As usual, create a directory to hold today's files. All programs that you write today should be stored in this directory.
$ cd ~/cs120/labs $ mkdir lab26 $ cd lab26
Write a function called count_values(a_dictionary,
a_value)
,
which takes a dictionary and some value as parameters. Your
function should
return the number of occurances of a_value as
a value in a_dictionary. For this
exercise, DO NOT USE THE count
method to
solve this
problem..
Histograms allow us to visualize the distribution of some data set. For example, We could visualize the distribution of the birth months of children:
Where the purple bars are the expected distributions based on month lengths, and the blue bars are the actual, observed distributions from some data set. In a previous lab, we had the opportunity to use this information to change the probability distributions for computing the birthday paradox. Today, We will generate a histogram that could possibly be used to break a substitution cipher.
Create a function called print_histogram(text)
in a
file called histogram.py.

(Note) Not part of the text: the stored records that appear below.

(* Let $\alpha=\log_4(3)$. There exists a constant $C>1$ such that for all $0<r<1$, $$\frac1C\, r^{\frac{\alpha-1}{\alpha}}\le \Lambda(B(S,r),r)\le C\, r^{\frac{\alpha-1}{\alpha}}.$$
   Context: Identify $\mathbb{R}^2$ with $\mathbb{C}$. $S$ denotes the von Koch curve: the unique nonempty compact set with $S=\bigcup_{i=1}^4 f_i(S)$, where $f_1(z)=z/3$, $f_2(z)=\tfrac13+e^{i\pi/3}z/3$, $f_3(z)=\tfrac12+\tfrac{\sqrt3}{6}i+e^{-i\pi/3}z/3$, $f_4(z)=\tfrac23+z/3$. For $A\subset\mathbb{R}^2$, $B(A,r):=\{x:\mathrm{dist}(x,A)\le r\}$. A rectifiable curve is the image of a Lipschitz map $[0,1]\to\mathbb{R}^2$. $\Lambda(E,r):=\inf\{\mathcal{H}^1(\Gamma):\Gamma \text{ a rectifiable curve with } B(\Gamma,r)\supset E\}$. *)

theory Defs
  imports "HOL-Analysis.Analysis"
begin

definition koch_map :: "nat \<Rightarrow> complex \<Rightarrow> complex" where
  "koch_map i z =
     (if i = 1 then z / 3
      else if i = 2 then 1/3 + cis (pi/3) * z / 3
      else if i = 3 then 1/2 + complex_of_real (sqrt 3 / 6) * \<i> + cis (- pi/3) * z / 3
      else 2/3 + z / 3)"

definition koch_curve :: "complex set" where
  "koch_curve = (THE K. K \<noteq> {} \<and> compact K \<and> K = (\<Union>i\<in>{1..4}. koch_map i ` K))"

definition nbhd :: "complex set \<Rightarrow> real \<Rightarrow> complex set" where
  "nbhd A r = {x. infdist x A \<le> r}"

text \<open>One-dimensional Hausdorff measure (normalised as sum of diameters of countable covers).\<close>
definition hausdorff1 :: "complex set \<Rightarrow> ennreal" where
  "hausdorff1 E = (SUP \<delta>\<in>{0<..}.
      INF U\<in>{U :: nat \<Rightarrow> complex set. E \<subseteq> (\<Union>i. U i) \<and> (\<forall>i. bounded (U i) \<and> diameter (U i) \<le> \<delta>)}.
        (\<Sum>i. ennreal (diameter (U i))))"

definition rectifiable_curve :: "complex set \<Rightarrow> bool" where
  "rectifiable_curve \<Gamma> \<longleftrightarrow> (\<exists>g :: real \<Rightarrow> complex. \<exists>L. lipschitz_on L {0..1} g \<and> \<Gamma> = g ` {0..1})"

definition Lambda :: "complex set \<Rightarrow> real \<Rightarrow> ennreal" where
  "Lambda E r = (INF \<Gamma>\<in>{\<Gamma>. rectifiable_curve \<Gamma> \<and> E \<subseteq> nbhd \<Gamma> r}. hausdorff1 \<Gamma>)"
(* Let $\eta,\lambda\in\mathbb{C}$ and let $v\in\mathcal{F}_{\eta,\lambda}$ be a singular vector that is not a multiple of $|\eta\rangle$. Define $\kappa(v)=\max\{k\in\mathbb{Z}:\alpha_kv\neq0\}$. Then: 1. $\kappa(v)>0$. 2. $\alpha_{\kappa(v)}v$ is again a (nonzero) singular vector. 3. If $v$ is homogeneous of grade $d$ and $\mathcal{F}_{\eta,\lambda}$ contains no proper singular vector of grade strictly between $0$ and $d$, then the coefficient of $\alpha_{-d}|\eta\rangle$ in the expansion of $v$ in the monomial basis is nonzero.
   Context: The Heisenberg modes satisfy $[\alpha_m,\alpha_n]=m\delta_{m,-n}$. $\mathcal{F}_{\eta,\lambda}$ is the Fock space generated by the vacuum $|\eta\rangle$ with $\alpha_n|\eta\rangle=0$ for $n>0$ and $\alpha_0|\eta\rangle=\eta|\eta\rangle$. It is graded by the monomial basis $\alpha_{-\sigma_1}\cdots\alpha_{-\sigma_j}|\eta\rangle$, which has grade $\sum_i\sigma_i$. $\mathcal{F}_{\eta,\lambda}$ is a Virasoro module via $$L_n=\tfrac12\sum_k:\alpha_k\alpha_{n-k}:-\lambda(n+1)\alpha_n,$$ where normal ordering places positive-index modes to the right. A singular vector is a nonzero $L_0$-eigenvector $v$ with $L_nv=0$ for all $n>0$. It is proper if it is not a multiple of $|\eta\rangle$. *)

theory Defs
  imports Complex_Main "HOL-Library.Multiset" "HOL-Library.Groups_Big_Fun"
begin

text \<open>Model of the Fock space F_{eta,lambda}: a vector is a finitely supported
coefficient function on the monomial basis. The monomial
alpha_{-s1} ... alpha_{-sj} |eta> (all s_i >= 1) is indexed by the multiset {#s1,...,sj#};
the empty multiset indexes the vacuum |eta>.\<close>

type_synonym fvec = "nat multiset \<Rightarrow> complex"

definition fock :: "fvec \<Rightarrow> bool" where
  "fock v \<longleftrightarrow> finite {M. v M \<noteq> 0} \<and> (\<forall>M. v M \<noteq> 0 \<longrightarrow> 0 \<notin># M)"

definition vac :: fvec where
  "vac = (\<lambda>M. if M = {#} then 1 else 0)"

text \<open>Heisenberg modes: alpha_{-n} (n>0) creates, alpha_n (n>0) acts as n d/dx_n,
alpha_0 acts as eta.\<close>
definition alpha :: "complex \<Rightarrow> int \<Rightarrow> fvec \<Rightarrow> fvec" where
  "alpha eta k v =
     (if k > 0 then (\<lambda>M. of_int k * of_nat (count M (nat k) + 1) * v (M + {#nat k#}))
      else if k = 0 then (\<lambda>M. eta * v M)
      else (\<lambda>M. if nat (- k) \<in># M then v (M - {#nat (- k)#}) else 0))"

definition nord :: "complex \<Rightarrow> int \<Rightarrow> int \<Rightarrow> fvec \<Rightarrow> fvec" where
  "nord eta a b v = alpha eta (min a b) (alpha eta (max a b) v)"

text \<open>Virasoro action L_n = 1/2 sum_k :alpha_k alpha_{n-k}: - lambda (n+1) alpha_n;
the sum is finite on Fock vectors (Sum_any sums over the finitely many nonzero terms).\<close>
definition Lvir :: "complex \<Rightarrow> complex \<Rightarrow> int \<Rightarrow> fvec \<Rightarrow> fvec" where
  "Lvir eta lam n v = (\<lambda>M. (1/2) * Sum_any (\<lambda>k. nord eta k (n - k) v M)
                            - lam * of_int (n + 1) * alpha eta n v M)"

definition singular :: "complex \<Rightarrow> complex \<Rightarrow> fvec \<Rightarrow> bool" where
  "singular eta lam v \<longleftrightarrow> v \<noteq> (\<lambda>_. 0) \<and> (\<exists>h. Lvir eta lam 0 v = (\<lambda>M. h * v M))
     \<and> (\<forall>n::int. n > 0 \<longrightarrow> Lvir eta lam n v = (\<lambda>_. 0))"

definition proper :: "fvec \<Rightarrow> bool" where
  "proper v \<longleftrightarrow> \<not> (\<exists>c. v = (\<lambda>M. c * vac M))"

definition homogeneous :: "nat \<Rightarrow> fvec \<Rightarrow> bool" where
  "homogeneous d v \<longleftrightarrow> (\<forall>M. v M \<noteq> 0 \<longrightarrow> sum_mset M = d)"
lemma ran_cone_sigma:
  assumes "dom f \<subseteq> topspace X"
  shows "ran (cone_sigma X f) = cone_eta X ` ({0<..1} \<times> ran f)"
proof (intro subset_antisym subsetI)
  fix b
  assume "b \<in> ran (cone_sigma X f)"
  then obtain a where a: "cone_sigma X f a = Some b"
    by (auto simp: ran_def)
  then have "a \<in> cone_eta X ` ({0<..1} \<times> dom f)"
    unfolding dom_cone_sigma[symmetric] by (rule domI)
  then obtain t x y where "t \<in> {0<..1}" "f x = Some y" "a = cone_pt X t x"
    by auto
  moreover have "y \<in> ran f"
    using \<open>f x = Some y\<close> by (rule ranI)
  ultimately show "b \<in> cone_eta X ` ({0<..1} \<times> ran f)"
    using a assms
    by (auto simp: cone_sigma_cone_pt domI subsetD intro!: image_eqI[of _ _ "(t, y)"])
next
  fix b
  assume "b \<in> cone_eta X ` ({0<..1} \<times> ran f)"
  then obtain t x y where "t \<in> {0<..1}" "f x = Some y" "b = cone_pt X t y"
    by (auto simp: ran_def)
  then have "cone_sigma X f (cone_pt X t x) = Some b"
    using assms by (simp add: cone_sigma_cone_pt domI subsetD)
  then show "b \<in> ran (cone_sigma X f)"
    by (rule ranI)
qed

lemma cone_sigma_map_comp:
  assumes "dom f \<subseteq> topspace X" "ran f \<subseteq> topspace X" "dom g \<subseteq> topspace X"
  shows "cone_sigma X (g \<circ>\<^sub>m f) = cone_sigma X g \<circ>\<^sub>m cone_sigma X f"
proof
  fix p
  have dom_gf: "dom (g \<circ>\<^sub>m f) \<subseteq> topspace X"
    using assms(1) by (auto simp: map_comp_def split: option.splits)
  show "cone_sigma X (g \<circ>\<^sub>m f) p = (cone_sigma X g \<circ>\<^sub>m cone_sigma X f) p"
  proof (cases "p \<in> cone_eta X ` ({0<..1} \<times> topspace X)")
    case True
    then obtain t x where "t \<in> {0<..1}" "x \<in> topspace X" "p = cone_pt X t x"
      by auto
    then show ?thesis
      using assms dom_gf
      by (auto simp: cone_sigma_cone_pt map_comp_def ranI subsetD split: option.split)
  next
    case False
    then have "p \<notin> dom (cone_sigma X f)" "p \<notin> dom (cone_sigma X (g \<circ>\<^sub>m f))"
      using assms(1) dom_gf by (auto simp: dom_cone_sigma)
    then show ?thesis
      by (simp add: domIff)
  qed
qed

lemma openin_Gamma:
  assumes "f \<in> Gamma X"
  shows "openin X (dom f)" "openin X (ran f)"
  using assms unfolding Gamma_def by simp_all
(* Let $\delta_1,\delta_2 \in \mathcal{D}^{LSL}$. Then for all $x,y\in[0,1]$ the star product of the lower semilinear copulas $S_{\delta_1}$ and $S_{\delta_2}$ is given by $$(S_{\delta_1}\ast S_{\delta_2})(x,y) = \begin{cases} \dfrac{x}{y^2}\delta_1(y)\delta_2(y) + xy\displaystyle\int_{[y,1]} \left(\tfrac{\delta_1(u)}{u}\right)'\left(\tfrac{\delta_2(u)}{u}\right)' \, d\lambda(u) & \text{if } y > x,\\[2ex] \dfrac{y}{x^2}\delta_1(x)\delta_2(x) + xy\displaystyle\int_{[x,1]} \left(\tfrac{\delta_1(u)}{u}\right)'\left(\tfrac{\delta_2(u)}{u}\right)' \, d\lambda(u) & \text{if } y \leq x.\end{cases}$$ In particular, $S_{\delta_1}\ast S_{\delta_2}$ is a lower semilinear copula, i.e. $S_{\delta_1}\ast S_{\delta_2}\in\mathcal{C}^{LSL}$.
   Context: A (bivariate) copula is a distribution function on $[0,1]^2$ with uniform marginals on $[0,1]$; $\lambda$ denotes Lebesgue measure on $[0,1]$. Let $\mathcal{D}$ be the set of all functions $\delta:[0,1]\to[0,1]$ with $\delta(u)\le u$ for all $u$, $\delta(1)=1$, $\delta$ non-decreasing, and $|\delta(v)-\delta(u)|\le 2|v-u|$ for all $u,v$ (copula diagonals). Let $\mathcal{D}^{LSL}$ be the set of $\delta\in\mathcal{D}$ such that $x\mapsto \delta(x)/x$ is non-decreasing on $(0,1]$ and $x\mapsto \delta(x)/x^2$ is non-increasing on $(0,1]$. For $\delta\in\mathcal{D}^{LSL}$ define $S_\delta(x,y)= y\,\delta(x)/x$ if $y\le x$ and $S_\delta(x,y)=x\,\delta(y)/y$ otherwise (with the convention $0/0:=0$); it is known that $S_\delta$ is a copula. A copula $C$ is called lower semilinear (LSL) if for every $x\in(0,1]$ the maps $t\mapsto C(t,x)$ and $t\mapsto C(x,t)$ are linear on $[0,x]$; the set $\mathcal{C}^{LSL}$ of all LSL copulas equals $\{S_\delta:\delta\in\mathcal{D}^{LSL}\}$. The star (Markov) product of copulas $A,B$ is $(A\ast B)(x,y)=\int_{[0,1]}\partial_2A(x,s)\,\partial_1B(s,y)\,d\lambda(s)$, where $\partial_i$ is the partial derivative in the $i$-th coordinate. The derivatives $(\delta_i(u)/u)'$ exist $\lambda$-almost everywhere since the functions are Lipschitz on compact subintervals of $(0,1]$. *)

theory Defs
  imports "HOL-Analysis.Analysis"
begin

text \<open>Bivariate copulas, represented as curried functions real => real => real;
  only their values on [0,1]^2 matter. Standard characterisation: grounded,
  uniform margins, 2-increasing on [0,1]^2.\<close>
definition is_copula :: "(real \<Rightarrow> real \<Rightarrow> real) \<Rightarrow> bool" where
  "is_copula C \<longleftrightarrow>
     (\<forall>t\<in>{0..1}. C 0 t = 0 \<and> C t 0 = 0 \<and> C 1 t = t \<and> C t 1 = t) \<and>
     (\<forall>x1\<in>{0..1}. \<forall>x2\<in>{0..1}. \<forall>y1\<in>{0..1}. \<forall>y2\<in>{0..1}.
        x1 \<le> x2 \<longrightarrow> y1 \<le> y2 \<longrightarrow> C x2 y2 - C x2 y1 - C x1 y2 + C x1 y1 \<ge> 0)"

definition diagonals :: "(real \<Rightarrow> real) set" where
  "diagonals = {\<delta>. (\<forall>u\<in>{0..1}. 0 \<le> \<delta> u \<and> \<delta> u \<le> u) \<and> \<delta> 1 = 1 \<and>
      mono_on {0..1} \<delta> \<and>
      (\<forall>u\<in>{0..1}. \<forall>v\<in>{0..1}. \<bar>\<delta> v - \<delta> u\<bar> \<le> 2 * \<bar>v - u\<bar>)}"

definition diagonals_LSL :: "(real \<Rightarrow> real) set" where
  "diagonals_LSL = {\<delta>\<in>diagonals.
      (\<forall>x\<in>{0<..1}. \<forall>y\<in>{0<..1}. x \<le> y \<longrightarrow> \<delta> x / x \<le> \<delta> y / y) \<and>
      (\<forall>x\<in>{0<..1}. \<forall>y\<in>{0<..1}. x \<le> y \<longrightarrow> \<delta> y / y^2 \<le> \<delta> x / x^2)}"

text \<open>S_delta; Isabelle's convention x / 0 = 0 matches 0/0 := 0.\<close>
definition S_delta :: "(real \<Rightarrow> real) \<Rightarrow> real \<Rightarrow> real \<Rightarrow> real" where
  "S_delta \<delta> x y = (if y \<le> x then y * \<delta> x / x else x * \<delta> y / y)"

definition is_LSL :: "(real \<Rightarrow> real \<Rightarrow> real) \<Rightarrow> bool" where
  "is_LSL C \<longleftrightarrow> (\<forall>x\<in>{0<..1}.
      (\<exists>a b. \<forall>t\<in>{0..x}. C t x = a * t + b) \<and>
      (\<exists>a b. \<forall>t\<in>{0..x}. C x t = a * t + b))"

definition copulas_LSL :: "(real \<Rightarrow> real \<Rightarrow> real) set" where
  "copulas_LSL = {C. is_copula C \<and> is_LSL C}"

text \<open>Star (Markov) product; partial derivatives exist a.e., and we use the
  (Lebesgue, i.e. completed) integral so values on the null set of
  non-differentiability points are irrelevant.\<close>
definition star :: "(real \<Rightarrow> real \<Rightarrow> real) \<Rightarrow> (real \<Rightarrow> real \<Rightarrow> real) \<Rightarrow> real \<Rightarrow> real \<Rightarrow> real" where
  "star A B x y = (LINT s|lebesgue_on {0..1}. deriv (\<lambda>t. A x t) s * deriv (\<lambda>t. B t y) s)"

end

theory Submission
  imports Defs
begin

text \<open>
  For fixed x the map t \<mapsto> S_delta \<delta> x t has slope \<delta>(x)/x on (0, x) and derivative
  x (\<delta>(t)/t)' on (x, 1). For x \<le> y the integral defining the star product therefore
  splits at x and y into a constant piece, the piece x (\<delta>2(y)/y) \<integral>[x,y] (\<delta>1(s)/s)' ds,
  which telescopes, and x y \<integral>[y,1] (\<delta>1(u)/u)' (\<delta>2(u)/u)' du; the case y < x follows by
  symmetry.
  The resulting formula is linear in the smaller argument, and the product is 2-increasing
  because both partial derivatives are almost everywhere increasing in the parameter.

  The analytic input is that \<delta>(u)/u is increasing and Lipschitz on [c, 1] for every c > 0,
  hence differentiable almost everywhere with an integrable derivative that integrates back
  to it. For this, adding the identity turns such a function into a Lipschitz increasing
  bijection G of the reals; the image of Lebesgue measure under the inverse of G has a
  Radon-Nikodym density, and a Vitali covering argument shows that this density is G'
  almost everywhere.
\<close>

section \<open>Differentiation of monotone Lipschitz functions\<close>

definition arbitrarily_short_intervals :: "real \<Rightarrow> (real \<Rightarrow> real \<Rightarrow> bool) \<Rightarrow> bool" where
  "arbitrarily_short_intervals x P \<longleftrightarrow>
     (\<forall>d>0. \<exists>c e. c \<le> x \<and> x \<le> e \<and> c < e \<and> e - c < d \<and> P c e)"

lemma arbitrarily_short_intervals_mono:
  assumes "arbitrarily_short_intervals x P" "\<And>c e. c < e \<Longrightarrow> P c e \<Longrightarrow> Q c e"
  shows "arbitrarily_short_intervals x Q"
  using assms unfolding arbitrarily_short_intervals_def by meson
(* Let $N\ge4$ be even. Take $X_j=\sigma_z$, $X_j'=\sigma_x$ for $j=1,\dots,N-1$, and $X_N=(\sigma_z+\sigma_x)/\sqrt2$, $X_N'=(\sigma_z-\sigma_x)/\sqrt2$, and let $I^N_{CHSH}=\sum_{a,b\in\{0,1\}}(-1)^{ab}\mathbb A_a\otimes\mathbb B_b$. Then $\langle G|I^N_{CHSH}|G\rangle=2\sqrt2$, $2\sqrt2$ is the largest eigenvalue of $I^N_{CHSH}$, and its eigenspace has dimension $2^{N-2}$; it is spanned by the orthonormal states $\bigotimes_{k\in K}\sigma_x^{(k)}|G\rangle$ where $K$ ranges over subsets of $\{1,\dots,N-1\}$ of even cardinality.
   Context: $|G\rangle=\frac{1}{\sqrt2}(|0\cdots0\rangle+|1\cdots1\rangle)$ is the $N$-qubit GHZ state; $\sigma_x,\sigma_y,\sigma_z$ are Pauli matrices and $\sigma_x^{(k)}$ denotes $\sigma_x$ acting on the $k$-th qubit (identity elsewhere). $\mathbb A_0=\bigotimes_{j=1}^{N-1}X_j$, $\mathbb A_1=\bigotimes_{j=1}^{N-1}X_j'$ act on qubits $1,\dots,N-1$, and $\mathbb B_0=X_N$, $\mathbb B_1=X_N'$ act on qubit $N$. *)

theory Defs
  imports "Jordan_Normal_Form.Jordan_Normal_Form_Uniqueness"
begin

text \<open>Computational basis index i < 2^N; qubit k (1 \<le> k \<le> N) carries the bit
 (i div 2^(N-k)) mod 2, i.e. qubit 1 is the most significant bit.\<close>

definition qbit :: "nat \<Rightarrow> nat \<Rightarrow> nat \<Rightarrow> nat" where
  "qbit N k i = (i div 2 ^ (N - k)) mod 2"

text \<open>Kronecker (tensor) product A 1 (x) A 2 (x) ... (x) A N of single-qubit (2x2) operators.\<close>
definition tensor_ops :: "nat \<Rightarrow> (nat \<Rightarrow> complex mat) \<Rightarrow> complex mat" where
  "tensor_ops N A = mat (2 ^ N) (2 ^ N)
     (\<lambda>(i, j). \<Prod>k\<in>{1..N}. A k $$ (qbit N k i, qbit N k j))"
text \<open>Regularity \<open>r(0\<^sup>+) = 0\<close> and monotonicity make \<open>r\<close> positive.\<close>
lemma r_pos: assumes "0 < x" "x \<le> 1" shows "0 < r x"
proof -
  have "\<forall>\<^sub>F y in at_right 0. r y \<le> r (x/2)"
  proof (rule eventually_mono)
    show "\<forall>\<^sub>F y in at_right 0. y \<in> {0<..<x/2}" using assms by (intro eventually_at_right_real) auto
  qed (use assms in \<open>auto intro!: less_imp_le r_strict_mono\<close>)
  then have "0 \<le> r (x/2)" by (intro tendsto_upperbound[OF r_lim]) auto
  also have "\<dots> < r x" using assms by (intro r_strict_mono) auto
  finally show ?thesis .
qed

lemma tau_pos: "0 < x \<Longrightarrow> x \<le> 1 \<Longrightarrow> 0 < tau x"
  by (simp add: tau_fun_def f_pos r_pos)

lemma tau_lower: assumes "0 < x" "x \<le> 1" shows "\<mu>0 * r x / (\<mu>1 * x) \<le> tau x"
proof -
  have "\<mu>0 * r x / (\<mu>1 * x) \<le> f (r x) / (\<mu>1 * x)"
    using f_bounds[of "r x"] r_pos[OF assms] assms mu1_pos by (intro divide_right_mono) auto
  also have "\<dots> \<le> f (r x) / f x"
    using f_bounds[of "r x"] f_bounds[of x] r_pos[OF assms] assms f_pos[of x] f_pos[of "r x"]
    by (intro divide_left_mono) auto
  finally show ?thesis by (simp add: tau_fun_def)
qed

lemma tau_upper: assumes "0 < x" "x \<le> 1" shows "tau x \<le> \<mu>1 * r x / (\<mu>0 * x)"
proof -
  have "f (r x) / f x \<le> f (r x) / (\<mu>0 * x)"
    using f_bounds[of "r x"] f_bounds[of x] r_pos[OF assms] assms mu0_pos f_pos[of x] f_pos[of "r x"]
    by (intro divide_left_mono) auto
  also have "\<dots> \<le> \<mu>1 * r x / (\<mu>0 * x)"
    using f_bounds[of "r x"] r_pos[OF assms] assms mu0_pos by (intro divide_right_mono) auto
  finally show ?thesis by (simp add: tau_fun_def)
qed

lemma tau_cont: "continuous_on {0<..1} tau"
proof -
  have "continuous_on {0<..1} (\<lambda>x. f (r x))"
    by (rule continuous_on_compose2[OF f_cont r_cont]) (auto intro: r_pos)
  moreover have "continuous_on {0<..1} f" by (rule continuous_on_subset[OF f_cont]) auto
  ultimately show ?thesis unfolding tau_fun_def[abs_def] using f_pos
    by (intro continuous_on_divide) force+
qed

lemma tau_deriv: assumes "0 < x" "x < 1" shows "(tau has_real_derivative X x / f x) (at x)"
proof -
  have "((\<lambda>x. f (r x) / f x) has_real_derivative
     (df (r x) * rd x * f x - f (r x) * df x) / (f x * f x)) (at x)"
    using assms f_pos[of x] r_pos[of x]
    by (intro DERIV_divide DERIV_chain2[OF f_deriv] r_deriv f_deriv) auto
  moreover have "(df (r x) * rd x * f x - f (r x) * df x) / (f x * f x) = X x / f x"
    using f_pos[of x] assms by (simp add: X_def tau_fun_def field_simps)
  ultimately show ?thesis unfolding tau_fun_def[abs_def] by simp
qed

lemma G_pos: "0 < x \<Longrightarrow> x \<le> 1 \<Longrightarrow> 0 < G x"
  by (simp add: G_def rd_pos tau_pos)

lemma G_deriv: "0 < x \<Longrightarrow> x < 1 \<Longrightarrow> (G has_real_derivative G' x) (at x)"
  unfolding G_def[abs_def] G'_def by (intro DERIV_mult' DERIV_power tau_deriv rd_deriv)

lemma dphi_rd_deriv: "0 < x \<Longrightarrow> x < 1 \<Longrightarrow>
    ((\<lambda>x. dphi (rd x)) has_real_derivative ddphi (rd x) * rdd x) (at x)"
  by (intro DERIV_chain2[OF dphi_deriv] rd_deriv rd_pos) auto

lemma dphi_rd_cont: "continuous_on {0<..1} (\<lambda>x. dphi (rd x))"
proof (rule continuous_on_compose2[OF _ rd_cont])
  show "continuous_on {0<..} dphi"
    by (rule continuous_at_imp_continuous_on) (auto intro: DERIV_isCont dphi_deriv)
qed (auto intro: rd_pos)

lemma G_cont: "continuous_on {0<..1} G"
  unfolding G_def[abs_def] by (intro continuous_on_mult continuous_on_power rd_cont tau_cont)

lemma dh_G_cont: "continuous_on {0<..1} (\<lambda>x. dh (G x))"
proof (rule continuous_on_compose2[OF _ G_cont])
  show "continuous_on {0<..} dh"
    by (rule continuous_at_imp_continuous_on) (auto intro: DERIV_isCont dh_deriv)
qed (auto intro: G_pos)

lemma ratio_cont: "continuous_on {0<..1} ratio"
  unfolding ratio_def[abs_def] using tau_pos by (intro continuous_on_divide rd_cont tau_cont) force+

lemma ode_XYG:
  assumes "0 < x" "x < 1"
  shows "f x * (ddphi (rd x) + ddh (G x) * tau x ^ (2 * (n - 1))) * rdd x
       = real (n - 1) * Y x - real (n - 1) * X x * ddh (G x) * rd x * tau x ^ (2 * n - 3)"
  using ode[OF assms] by (simp add: X_def Y_def G_def)

text \<open>Where \<open>\<sigma> X > 0\<close>, the function \<open>\<sigma> \<tau>\<close> is strictly increasing, as \<open>\<tau>' = X / f\<close>.\<close>
lemma sigma_tau_increasing:
  assumes "0 < u" "u < v" "v \<le> 1" and X: "\<And>x. u < x \<Longrightarrow> x < v \<Longrightarrow> 0 < \<sigma> * X x"
  shows "\<sigma> * tau u < \<sigma> * tau v"
proof (rule DERIV_pos_imp_increasing_open[of u v "\<lambda>x. \<sigma> * tau x"])
  fix x assume x: "u < x" "x < v"
  have "((\<lambda>x. \<sigma> * tau x) has_real_derivative \<sigma> * X x / f x) (at x)"
    using DERIV_cmult[OF tau_deriv, of x \<sigma>] x assms by simp
  moreover have "0 < \<sigma> * X x / f x" using X[OF x] f_pos[of x] x assms by simp
  ultimately show "\<exists>y. ((\<lambda>x. \<sigma> * tau x) has_real_derivative y) (at x) \<and> 0 < y" by blast
next
  show "continuous_on {u..v} (\<lambda>x. \<sigma> * tau x)" using assms
    by (intro continuous_on_mult continuous_on_const continuous_on_subset[OF tau_cont]) auto
qed (use assms in simp)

The function should print a
sorted (in descending order) histogram that represents the number of
occurrences of the characters in text
. You will use a
dictionary to represent this histogram, with the keys of the
dictionary as characters and the values of the dictionary as
integers.
Function Parameters | Expected Output |
---|---|
hello |
l: ## h: # o: # e: # |
This is a test! |
s: ### : ### i: ## t: ## T: # h: # a: # e: # !: # |
Create a function called
compute_histogram(text)
. The function should
return a dictionary that represents a histogram of the
number of occurrences of the characters in text
.
The keys of the dictionary should be characters and the
values of the dictionary should be integers.
You are going to follow the accumulator pattern for this activity. However, you aren't going to have a single accumulator. You are going to have multiple accumulators all stored in a dictionary. This dictionary is your histogram that you are going to return.
The for loop should iterate over each of the characters
in text
. For each character, increment the value
of the character's entry in the dictionary. Note, you must
handle the special case of the character not already having an
entry in the dictionary.
To print the histogram in descending order, first find the
entry with the largest value in the dictionary. Use the
dictionary values
method and the
built-in max
function to find the largest
value.
Create a function reverse_lookup(dictionary,
value)
that returns the key of an entry
in dictionary
that has the
value value
. Note, there may be more than one
key with the specified value, in this case it doesn't matter
which key associated with the value is returned.
Use the reverse_lookup
function to print the
character with the largest value in the dictionary. And use
the *
operator to print the appropriate number
of #
characters. Then use the del
operator to delete the entry from the histogram dictionary.
Repeat this process for the next largest value until the
dictionary is empty.
A substitution cipher is a non-linear cipher that relies on a "look-up" table (the key for the cipher) in order to accomplish the encryption. It avoids the problems of the Caesar cipher, because the mapping from plain-text character to cipher-text character is not a linear function; you have to figure out each character individually in a substitution cipher.
If something is known about the plain-text, we can make an attempt at figuring out the entirety of the mapping. Suppose it is known that the plain-text was written in English. We know the distribution of characters in the English language:
If we take the most commonly occurring character from the cipher-text, chances are it is the encrypted version of 'e'. The second most common character is probably the encrypted version of 't'. The third most common is probably the encrypted version of 'a', and so on.
You are provided with the
module ciphers.py,
which includes functions encode_substitution(plain_text,
key)
and
decode_substitution(cipher_text, key, ordered)
. Create
a program in a file called
hack_substitution.py
. This program should read in a
cipher-text string, and attempt to decode the string using the
sequence of the most commonly occurring characters. Try your
program on this
encoded file. You can redirect a file to your program by using the
"<" operator at the command line.
$ python3 hack_substitution.py < encoded.txt
How well does it work? Can you at least read some words? Why does this not work out exactly correctly?